Suasana di aula serbaguna terasa berbeda saat seluruh pegawai berkumpul untuk menyambut kehadiran Edison, S.ST., M.M., yang kini mengemban amanah sebagai Plt. Kepala Kantor Pertanahan Kabupaten Muna.
Bukan sekadar pertemuan formal, momen ini menjadi ajang "rekatkan barisan" antara pimpinan dan jajaran pegawai untuk menyatukan frekuensi demi pelayanan yang lebih baik.
Membangun Kekuatan dari Dalam
Dalam arahan perdananya, Edison tidak hanya berbicara soal angka dan target, tetapi menyentuh aspek esensial: Soliditas. Ia menekankan bahwa sebuah kantor pelayanan tidak akan bisa berdiri kokoh tanpa kerja sama tim yang harmonis.
"Kita adalah satu kesatuan. Pelayanan prima kepada masyarakat Muna tidak akan terwujud jika kita tidak solid di dalam. Mari kita jadikan sinergi sebagai bahan bakar utama kerja kita," pesan Edison yang disambut hangat oleh para peserta rapat, Senin 5 Januari 2026.
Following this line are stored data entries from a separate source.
lemma M_Q4n_collapse:
  fixes H :: "int poly" and \<delta> :: int
  assumes "n > 0" "\<delta> \<in> {1, -1}"
  shows "M_Q4n n ([:\<delta>:] + (monom 1 n + 1) * H) ((monom 1 n + 1) * H)
    = (\<Prod>z\<in>{z. z ^ n = 1}. 1 + 2 * of_int \<delta> * (evalc H z + evalc H (inverse z)))"
proof -
  define F where "F z = 1 + of_int \<delta> * (z ^ n + 1) * (evalc H z + evalc H (inverse z))" for z
  have \<delta>: "of_int \<delta> * of_int \<delta> = (1 :: complex)"
    using assms(2) by auto
  have square: "z ^ (2 * n) = z ^ n * z ^ n" for z :: complex
    by (simp only: mult_2 power_add)
  have factor: "evalc ([:\<delta>:] + (monom 1 n + 1) * H) z * evalc ([:\<delta>:] + (monom 1 n + 1) * H) (inverse z)
      - z ^ n * evalc ((monom 1 n + 1) * H) z * evalc ((monom 1 n + 1) * H) (inverse z) = F z"
    if "z ^ (2 * n) = 1" for z :: complex
  proof -
    have "z ^ n * z ^ n = 1"
      using that by (simp only: square)
    moreover from this have "inverse z ^ n = z ^ n"
      by (metis inverse_unique power_inverse)
    \<comment> \<open>the terms in u v cancel since (s + 1)^2 (1 - s) = (s + 1) (1 - s^2) = 0\<close>
    moreover have "(d + (s + 1) * u) * (d + (s + 1) * v) - s * ((s + 1) * u) * ((s + 1) * v)
        = 1 + d * (s + 1) * (u + v)" if "s * s = 1" "d * d = 1" for s d u v :: complex
      using that by algebra
    ultimately show ?thesis
      unfolding F_def using \<delta> by simp
  qed
  have F_trivial: "F z = 1" if "z ^ (2 * n) = 1" "z ^ n \<noteq> 1" for z :: complex
  proof -
    have "(z ^ n - 1) * (z ^ n + 1) = 0"
      using that(1) by (simp add: algebra_simps flip: square)
    with that(2) show ?thesis
      unfolding F_def by simp
  qed
  have "M_Q4n n ([:\<delta>:] + (monom 1 n + 1) * H) ((monom 1 n + 1) * H)
      = (\<Prod>z\<in>{z. z ^ (2 * n) = 1}. F z)"
    unfolding M_Q4n_def by (intro prod.cong refl factor) simp
  also have "\<dots> = (\<Prod>z\<in>{z. z ^ n = 1}. F z)"
    using F_trivial assms(1) by (intro prod.mono_neutral_right finite_roots_unity) (auto simp: square)
  also have "\<dots> = (\<Prod>z\<in>{z. z ^ n = 1}. 1 + 2 * of_int \<delta> * (evalc H z + evalc H (inverse z)))"
    unfolding F_def by (intro prod.cong refl) simp
  finally show ?thesis .
qed

lemma root_unity_power_cong:
  fixes w :: "'a::monoid_mult"
  assumes "w ^ n = 1" "[a = b] (mod n)"
  shows "w ^ a = w ^ b"
proof -
  have "w ^ k = w ^ (k mod n)" for k
    by (metis assms(1) mult_1 power_add power_mult power_one mult_div_mod_eq)
  with assms(2) show ?thesis
    unfolding cong_def by metis
qed

lemma bij_betw_power_roots_unity:
  assumes "coprime p n"
  shows "bij_betw (\<lambda>w. w ^ p) {w :: 'a :: monoid_mult. w ^ n = 1} {w. w ^ n = 1}"
proof -
  obtain m where m: "[p * m = 1] (mod n)"
    using cong_solve_coprime_nat[OF assms] by auto
  have inverse_power: "(w ^ p) ^ m = w" "(w ^ m) ^ p = w" if "w ^ n = 1" for w :: 'a
    using root_unity_power_cong[OF that m] by (simp_all add: power_mult[symmetric] mult.commute)
  have root_power: "(w ^ k) ^ n = 1" if "w ^ n = 1" for w :: 'a and k
    using that by (metis power_mult power_one mult.commute)
  show ?thesis
    by (rule bij_betw_byWitness[where f' = "\<lambda>w. w ^ m"]) (auto simp: inverse_power root_power)
qed

lemma prod_roots_unity_geometric_sum:
  assumes "n > 0" "coprime p n"
  shows "(\<Prod>w\<in>{w::complex. w ^ n = 1}. \<Sum>j<p. w ^ j) = of_nat p"
proof -
  define R where "R = {w::complex. w ^ n = 1}"
  have "finite R"
    unfolding R_def using assms(1) by (intro finite_roots_unity) simp
  have "bij_betw (\<lambda>w. w ^ p) (R - {1}) (R - {1})"
    unfolding R_def by (intro bij_betw_DiffI bij_betw_power_roots_unity assms(2)) auto
  then have "(\<Prod>w\<in>R - {1}. w ^ p - 1) = (\<Prod>w\<in>R - {1}. w - 1)"
    using prod.reindex_bij_betw[of "\<lambda>w. w ^ p" "R - {1}" "R - {1}" "\<lambda>w. w - 1"] by simp
  then have "(\<Prod>w\<in>R - {1}. \<Sum>j<p. w ^ j) * (\<Prod>w\<in>R - {1}. w - 1) = (\<Prod>w\<in>R - {1}. w - 1)"
    by (simp add: power_diff_1_eq prod.distrib[symmetric] mult.commute)
  with \<open>finite R\<close> have "(\<Prod>w\<in>R - {1}. \<Sum>j<p. w ^ j) = 1"
    by simp
  moreover have "1 \<in> R"
    unfolding R_def by simp
  ultimately show ?thesis
    using prod.remove[OF \<open>finite R\<close>, of 1 "\<lambda>w. \<Sum>j<p. w ^ j"] unfolding R_def by simp
qed
lemma release_target:
  assumes c: "fine_comp n c" and t: "t < n" and p: "3 \<le> p" "p \<le> c ! t"
  defines "i \<equiv> release_target c t p" and "l \<equiv> level c t + int p - 1"
  shows "t < i" and "i < n" and "c ! i = 0" and "level c i = l" and "2 \<le> l"
    and "\<And>s. t < s \<Longrightarrow> s \<le> i \<Longrightarrow> l \<le> level c s"
proof -
  have len: "length c = n" and "level c n = 0" and "0 \<le> level c t"
    using c t level_length[of c] by (auto simp: fine_comp_def)
  then show "2 \<le> l"
    using p by (simp add: l_def)
  have step: "level c (Suc s) = level c s + int (c ! s) - 1" if "s < n" for s
    using len that by (simp add: level_Suc)
  have "Suc t \<noteq> n"
    using step[OF t] \<open>level c n = 0\<close> \<open>0 \<le> level c t\<close> p by auto
  then have ex: "t < n - 1 \<and> level c (Suc (n - 1)) < l"
    using t \<open>level c n = 0\<close> \<open>2 \<le> l\<close> by simp
  have least: "t < i \<and> level c (Suc i) < l"
    unfolding i_def release_target_def l_def[symmetric] by (rule LeastI[of "\<lambda>s. t < s \<and> level c (Suc s) < l", OF ex])
  then show "t < i"
    by simp
  have "i \<le> n - 1"
    unfolding i_def release_target_def l_def[symmetric] by (rule Least_le[of "\<lambda>s. t < s \<and> level c (Suc s) < l", OF ex])
  with \<open>Suc t \<noteq> n\<close> t show "i < n"
    by simp
  show above: "l \<le> level c s" if "t < s" "s \<le> i" for s
  proof (cases s)
    case (Suc s')
    show ?thesis
    proof (cases "s' = t")
      case True
      then show ?thesis using Suc step[OF t] p by (simp add: l_def)
    next
      case False
      with that Suc have "s' < i" and "t < s'"
        by auto
      from \<open>s' < i\<close> have "\<not> (t < s' \<and> level c (Suc s') < l)"
        unfolding i_def release_target_def l_def[symmetric] by (rule not_less_Least)
      with \<open>t < s'\<close> Suc show ?thesis
        by simp
    qed
  qed (use that in simp)
  from above[of i] least step[OF \<open>i < n\<close>] show "c ! i = 0" and "level c i = l"
    by auto
qed

lemma absorb_one_in_marked_excess:
  assumes "(c, i) \<in> marked_ones n (Suc j) k"
  shows "absorb_one c i \<in> marked_excess n j k"
proof -
  have c: "fine_comp n c" and i: "i < n" "c ! i = 1"
    and parts: "short_parts c = Suc j" "long_parts c = k"
    using assms by (auto simp: marked_ones_def fine_comps_def)
  have len: "length c = n"
    using c by (simp add: fine_comp_def)
  define t where "t = absorb_target c i"
  note target = absorb_target[OF c i, folded t_def]
  have "2 \<le> c ! t"
    using target by linarith
  then have "fine_comp n (merge_at c t i)" and "short_parts (merge_at c t i) = j"
    and "long_parts (merge_at c t i) = k"
    using fine_comp_merge_at[OF c target(1) i] parts_merge_at[of t c i] target(1) i len parts
    by auto
  moreover have "3 \<le> nat (level c i - level c t + 2)"
    and "nat (level c i - level c t + 2) \<le> merge_at c t i ! t"
    using target len i by (auto simp: nth_merge_at)
  ultimately show ?thesis
    using target(1) i
    by (simp add: absorb_one_def t_def[symmetric] marked_excess_def fine_comps_def)
qed

lemma release_absorb_one:
  assumes "(c, i) \<in> marked_ones n j k" and "absorb_one c i = (c', t, p)"
  shows "release_one c' t p = (c, i)"
proof -
  have c: "fine_comp n c" and i: "i < n" "c ! i = 1"
    using assms(1) by (auto simp: marked_ones_def fine_comps_def)
  have len: "length c = n"
    using c by (simp add: fine_comp_def)
  have t: "t = absorb_target c i" and c': "c' = merge_at c t i"
    and p: "p = nat (level c i - level c t + 2)"
    using assms(2) by (auto simp: absorb_one_def Let_def)
  note target = absorb_target[OF c i, folded t]
  have lvl: "level c' s = level c s + (if t < s \<and> s \<le> i then 1 else 0)" for s
    using level_merge_at target(1) i len c' by simp
  have "level c' t + int p - 1 = level c i + 1"
    using lvl[of t] target p by simp
  moreover have "(LEAST s. t < s \<and> level c' (Suc s) < level c i + 1) = i"
  proof (rule Least_equality)
    show "t < i \<and> level c' (Suc i) < level c i + 1"
      using lvl[of "Suc i"] level_Suc[of i c] target(1) i len by simp
  next
    fix s
    assume s: "t < s \<and> level c' (Suc s) < level c i + 1"
    show "i \<le> s"
    proof (rule ccontr)
      assume "\<not> i \<le> s"
      with s have "level c i \<le> level c (Suc s)" and "level c' (Suc s) = level c (Suc s) + 1"
        using target(3)[of "Suc s"] lvl[of "Suc s"] by auto
      with s show False
        by simp
    qed
  qed
  ultimately have "release_target c' t p = i"
    unfolding release_target_def by metis
  then show ?thesis
    using split_merge_at[of t c i] target(1) i len c' by (simp add: release_one_def)
qed

lemma release_one_in_marked_ones:
  assumes "(c, t, p) \<in> marked_excess n j k"
  shows "release_one c t p \<in> marked_ones n (Suc j) k"
proof -
  have c: "fine_comp n c" and t: "t < n" and p: "3 \<le> p" "p \<le> c ! t"
    and parts: "short_parts c = j" "long_parts c = k"
    using assms by (auto simp: marked_excess_def fine_comps_def)
  have len: "length c = n"
    using c by (simp add: fine_comp_def)
  define i where "i = release_target c t p"
  note target = release_target[OF c t p, folded i_def]
  have "fine_comp n (split_at c t i)"
    using fine_comp_split_at[OF c target(1-3)] p target(5,6) by fastforce
  moreover have "short_parts (split_at c t i) = Suc j" and "long_parts (split_at c t i) = k"
    using parts_split_at[of t c i] target(1-3) t p len parts by auto
  moreover have "split_at c t i ! i = 1"
    using target(1,2) len by (simp add: nth_split_at)
  ultimately show ?thesis
    using target(2) by (simp add: release_one_def i_def[symmetric] marked_ones_def fine_comps_def)
qed

lemma absorb_release_one:
  assumes "(c, t, p) \<in> marked_excess n j k" and "release_one c t p = (d, i)"
  shows "absorb_one d i = (c, t, p)"
proof -
  have c: "fine_comp n c" and t: "t < n" and p: "3 \<le> p" "p \<le> c ! t"
    using assms(1) by (auto simp: marked_excess_def fine_comps_def)
  have len: "length c = n"
    using c by (simp add: fine_comp_def)
  have i: "i = release_target c t p" and d: "d = split_at c t i"
    using assms(2) by (auto simp: release_one_def Let_def)
  note target = release_target[OF c t p, folded i]
  have lvl: "level d s = level c s - (if t < s \<and> s \<le> i then 1 else 0)" for s
    using level_split_at[of t i c s] target(1-3) p len d by simp
  have "absorb_target d i = t"
    unfolding absorb_target_def
  proof (rule Max_eqI)
    show "t \<in> {s. s < i \<and> level d s < level d i}"
      using lvl[of t] lvl[of i] target p by simp
  next
    fix s
    assume s: "s \<in> {s. s < i \<and> level d s < level d i}"
    show "s \<le> t"
    proof (rule ccontr)
      assume "\<not> s \<le> t"
      with s have "level d s = level c s - 1" and "level c t + int p - 1 \<le> level c s"
        using lvl[of s] target(6)[of s] by auto
      with s lvl[of i] target(1,4) show False
        by simp
    qed
  qed simp
  moreover have "nat (level d i - level d t + 2) = p"
    using lvl[of i] lvl[of t] target by simp
  moreover have "merge_at d t i = c"
    using merge_split_at[of t c i] target(1-3) t p len d by simp
  ultimately show ?thesis
    by (simp add: absorb_one_def)
qed

lemma bij_betw_absorb_one:
  "bij_betw (\<lambda>(c, i). absorb_one c i) (marked_ones n (Suc j) k) (marked_excess n j k)"
proof (rule bij_betw_byWitness[where f' = "\<lambda>(c, t, p). release_one c t p"])
  show "\<forall>a \<in> marked_ones n (Suc j) k. (\<lambda>(c, t, p). release_one c t p) ((\<lambda>(c, i). absorb_one c i) a) = a"
    using release_absorb_one by (auto split: prod.splits)
  show "\<forall>a \<in> marked_excess n j k. (\<lambda>(c, i). absorb_one c i) ((\<lambda>(c, t, p). release_one c t p) a) = a"
    using absorb_release_one by (auto split: prod.splits)
  show "(\<lambda>(c, i). absorb_one c i) ` marked_ones n (Suc j) k \<subseteq> marked_excess n j k"
    using absorb_one_in_marked_excess by auto
  show "(\<lambda>(c, t, p). release_one c t p) ` marked_excess n j k \<subseteq> marked_ones n (Suc j) k"
    using release_one_in_marked_ones by auto
qed

lemma card_marked_ones: "card (marked_ones n j k) = j * card (fine_comps n j k)"
proof -
  have "marked_ones n j k = Sigma (fine_comps n j k) (\<lambda>c. {i. i < n \<and> c ! i = 1})"
    by (auto simp: marked_ones_def)
  then have "card (marked_ones n j k) = (\<Sum>c \<in> fine_comps n j k. card {i. i < n \<and> c ! i = 1})"
    by (simp add: card_SigmaI finite_fine_comps)
  also have "\<dots> = (\<Sum>c \<in> fine_comps n j k. j)"
  proof (rule sum.cong)
    fix c
    assume "c \<in> fine_comps n j k"
    then have "length c = n" and "short_parts c = j"
      by (auto simp: fine_comps_def fine_comp_def)
    then show "card {i. i < n \<and> c ! i = 1} = j"
      by (simp add: short_parts_def length_filter_conv_card)
  qed simp
  finally show ?thesis
    by simp
qed

lemma card_marked_excess:
  "card (marked_excess n j k) = card (fine_comps n j k) * (n - j - 2 * k)"
proof -
  have "marked_excess n j k = Sigma (fine_comps n j k) (\<lambda>c. Sigma {..<n} (\<lambda>t. {3..c ! t}))"
    by (auto simp: marked_excess_def)
  then have "card (marked_excess n j k) = (\<Sum>c \<in> fine_comps n j k. \<Sum>t<n. c ! t - 2)"
    by (simp add: card_SigmaI finite_fine_comps)
  also have "\<dots> = (\<Sum>c \<in> fine_comps n j k. n - j - 2 * k)"
  proof (rule sum.cong)
    fix c
    assume "c \<in> fine_comps n j k"
    then have "length c = n" and "sum_list c = n" and "short_parts c = j" and "long_parts c = k"
      by (auto simp: fine_comps_def fine_comp_def)
    then show "(\<Sum>t<n. c ! t - 2) = n - j - 2 * k"
      using sum_list_excess_parts[of c] by (simp add: sum_list_sum_nth atLeast0LessThan)
  qed simp
  finally show ?thesis
    by simp
qed

lemma card_fine_comps:
  "card (fine_comps n j k) = card (fine_comps n 0 k) * ((n - 2 * k) choose j)"
proof (induction j)
  case (Suc j)
  let ?m = "n - 2 * k"
  have "Suc j * card (fine_comps n (Suc j) k) = card (fine_comps n j k) * (n - j - 2 * k)"
    using card_marked_ones[of n "Suc j" k] card_marked_excess[of n j k]
      bij_betw_same_card[OF bij_betw_absorb_one[of n j k]] by simp
  also have "\<dots> = card (fine_comps n 0 k) * ((?m - j) * (?m choose j))"
    using Suc.IH by (simp add: add.commute)
  also have "(?m - j) * (?m choose j) = Suc j * (?m choose Suc j)"
    using binomial_absorb_comp[of ?m j] binomial_absorption[of j ?m] by simp
  finally have "Suc j * card (fine_comps n (Suc j) k) =
      Suc j * (card (fine_comps n 0 k) * (?m choose Suc j))"
    by (simp only: mult.left_commute)
  then show ?case
    by (simp only: mult_cancel1) simp
qed simp
lemma shift_annihilated_mult_geometric:
  assumes "shift_annihilated R"
  shows "shift_annihilated (\<lambda>k. r ^ k * R k)"
proof -
  obtain p where p: "lead_coeff p = 1" "\<And>m. shift_op p R m = 0"
    using assms unfolding shift_annihilated_def by blast
  define K where "K = degree p"
  text \<open>The polynomial \<open>r\<^sup>K p(x/r)\<close>, which makes sense also for \<open>r = 0\<close>.\<close>
  define p' where "p' = Poly (map (\<lambda>j. coeff p j * r ^ (K - j)) [0..<Suc K])"
  have coeff_p': "coeff p' j = (if j \<le> K then coeff p j * r ^ (K - j) else 0)" for j
    unfolding p'_def by (auto simp: nth_default_def simp del: upt_Suc)
  have "coeff p' K = 1" using p by (simp add: coeff_p' K_def)
  moreover have "degree p' \<le> K" by (rule degree_le) (auto simp: coeff_p')
  ultimately have deg_p': "degree p' = K" by (metis le_degree one_neq_zero order_antisym)
  have "shift_op p' (\<lambda>k. r ^ k * R k) m = (\<Sum>j\<le>K. r ^ (m + K) * (coeff p j * R (m + j)))" for m
    unfolding shift_op_def deg_p'
  proof (rule sum.cong)
    fix j assume "j \<in> {..K}"
    then have "r ^ (K - j) * r ^ (m + j) = r ^ (m + K)" by (simp add: add.commute flip: power_add)
    then show "coeff p' j * (r ^ (m + j) * R (m + j)) = r ^ (m + K) * (coeff p j * R (m + j))"
      using \<open>j \<in> {..K}\<close> by (simp add: coeff_p' algebra_simps)
  qed simp
  then have "shift_op p' (\<lambda>k. r ^ k * R k) m = 0" for m
    using p(2) by (simp add: shift_op_def K_def flip: sum_distrib_left)
  with \<open>coeff p' K = 1\<close> deg_p' show ?thesis unfolding shift_annihilated_def by auto
qed

lemma shift_annihilated_geom_comb:
  fixes f :: "nat \<Rightarrow> 'a::idom"
  assumes "geom_comb f"
  shows "shift_annihilated f"
proof -
  obtain L where L: "\<forall>n. f n = (\<Sum>x\<leftarrow>L. fst x * snd x ^ n)"
    using assms unfolding geom_comb_def by blast
  have "shift_annihilated (\<lambda>n. \<Sum>x\<leftarrow>L. fst x * snd x ^ n)"
  proof (induction L)
    case (Cons x L)
    from shift_annihilated_add[OF shift_annihilated_cmult[OF shift_annihilated_geometric] this]
    show ?case by simp
  qed (simp add: shift_annihilated_zero)
  moreover have "f = (\<lambda>n. \<Sum>x\<leftarrow>L. fst x * snd x ^ n)" using L by auto
  ultimately show ?thesis by simp
qed

lemma C_finite_if_shift_annihilated:
  assumes "shift_annihilated a"
  shows "C_finite a"
proof -
  obtain p where p: "lead_coeff p = 1" "\<And>m. shift_op p a m = 0"
    using assms unfolding shift_annihilated_def by blast
  have "a (n + degree p) = (\<Sum>i<degree p. - coeff p i * a (n + i))" for n
    using p shift_op_monic[of p a n] by (simp add: sum_negf eq_neg_iff_add_eq_0)
  then show ?thesis
    unfolding C_finite_def by (intro exI[of _ "degree p"] exI[of _ "\<lambda>i. - coeff p i"]) auto
qed

lemma C_finite_if_geom_comb: "geom_comb f \<Longrightarrow> C_finite f"
  by (simp add: C_finite_if_shift_annihilated shift_annihilated_geom_comb)

text \<open>The recurrence in \<open>C_finite\<close> is only required for \<open>n \<ge> s\<close>, i.e. from index \<open>2 s\<close> on;
  shifting by \<open>s\<close> makes it hold everywhere.\<close>

lemma shift_annihilated_if_C_finite:
  assumes "C_finite a"
  shows "\<exists>s. shift_annihilated (\<lambda>m. a (m + s))"
proof -
  obtain s c where rec: "\<forall>n\<ge>s. a (n + s) = (\<Sum>i<s. c i * a (n + i))"
    using assms unfolding C_finite_def by blast
  define p where "p = monom 1 s - (\<Sum>i<s. monom (c i) i)"
  have coeff_p: "coeff p j = (if j = s then 1 else 0) - (if j < s then c j else 0)" for j
    by (simp add: p_def coeff_sum coeff_monom sum.delta' if_distrib[of "\<lambda>x. x = _"]
        cong: if_cong)
  have "degree p \<le> s"
    unfolding p_def by (intro degree_diff_le degree_sum_le) (auto intro: degree_monom_le order.trans)
  then have "degree p = s" and "lead_coeff p = 1"
    using coeff_p[of s] le_degree[of p s] by auto
  moreover have "shift_op p (\<lambda>m. a (m + s)) m = 0" for m
    using shift_op_monic[OF \<open>lead_coeff p = 1\<close>, of "\<lambda>m. a (m + s)" m] rec[rule_format, of "m + s"]
    by (simp add: \<open>degree p = s\<close> coeff_p sum_negf algebra_simps)
  ultimately show ?thesis unfolding shift_annihilated_def by blast
qed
Edison juga menitipkan pesan kuat mengenai etika kerja. Di tengah tuntutan publik yang semakin tinggi terhadap transparansi, ia meminta seluruh jajaran baik pejabat struktural maupun fungsional untuk menjadikan integritas dan profesionalisme sebagai harga mati.
Tiga pilar utama yang menjadi fokus arahannya adalah:
Kedisiplinan Tinggi: Menjadi teladan dalam budaya kerja tepat waktu dan tepat sasaran.
Loyalitas pada Target: Mendukung penuh program strategis Kementerian ATR/BPN agar manfaatnya langsung dirasakan masyarakat.
Pelayanan Tanpa Sekat: Mewujudkan birokrasi yang transparan, akuntabel, dan ramah bagi setiap warga Muna yang mengurus pertanahan.
Rapat ini ditutup dengan optimisme tinggi. Dengan hadirnya kepemimpinan yang segar, Kantor Pertanahan Kabupaten Muna diharapkan mampu bertransformasi menjadi institusi yang lebih responsif dan inovatif.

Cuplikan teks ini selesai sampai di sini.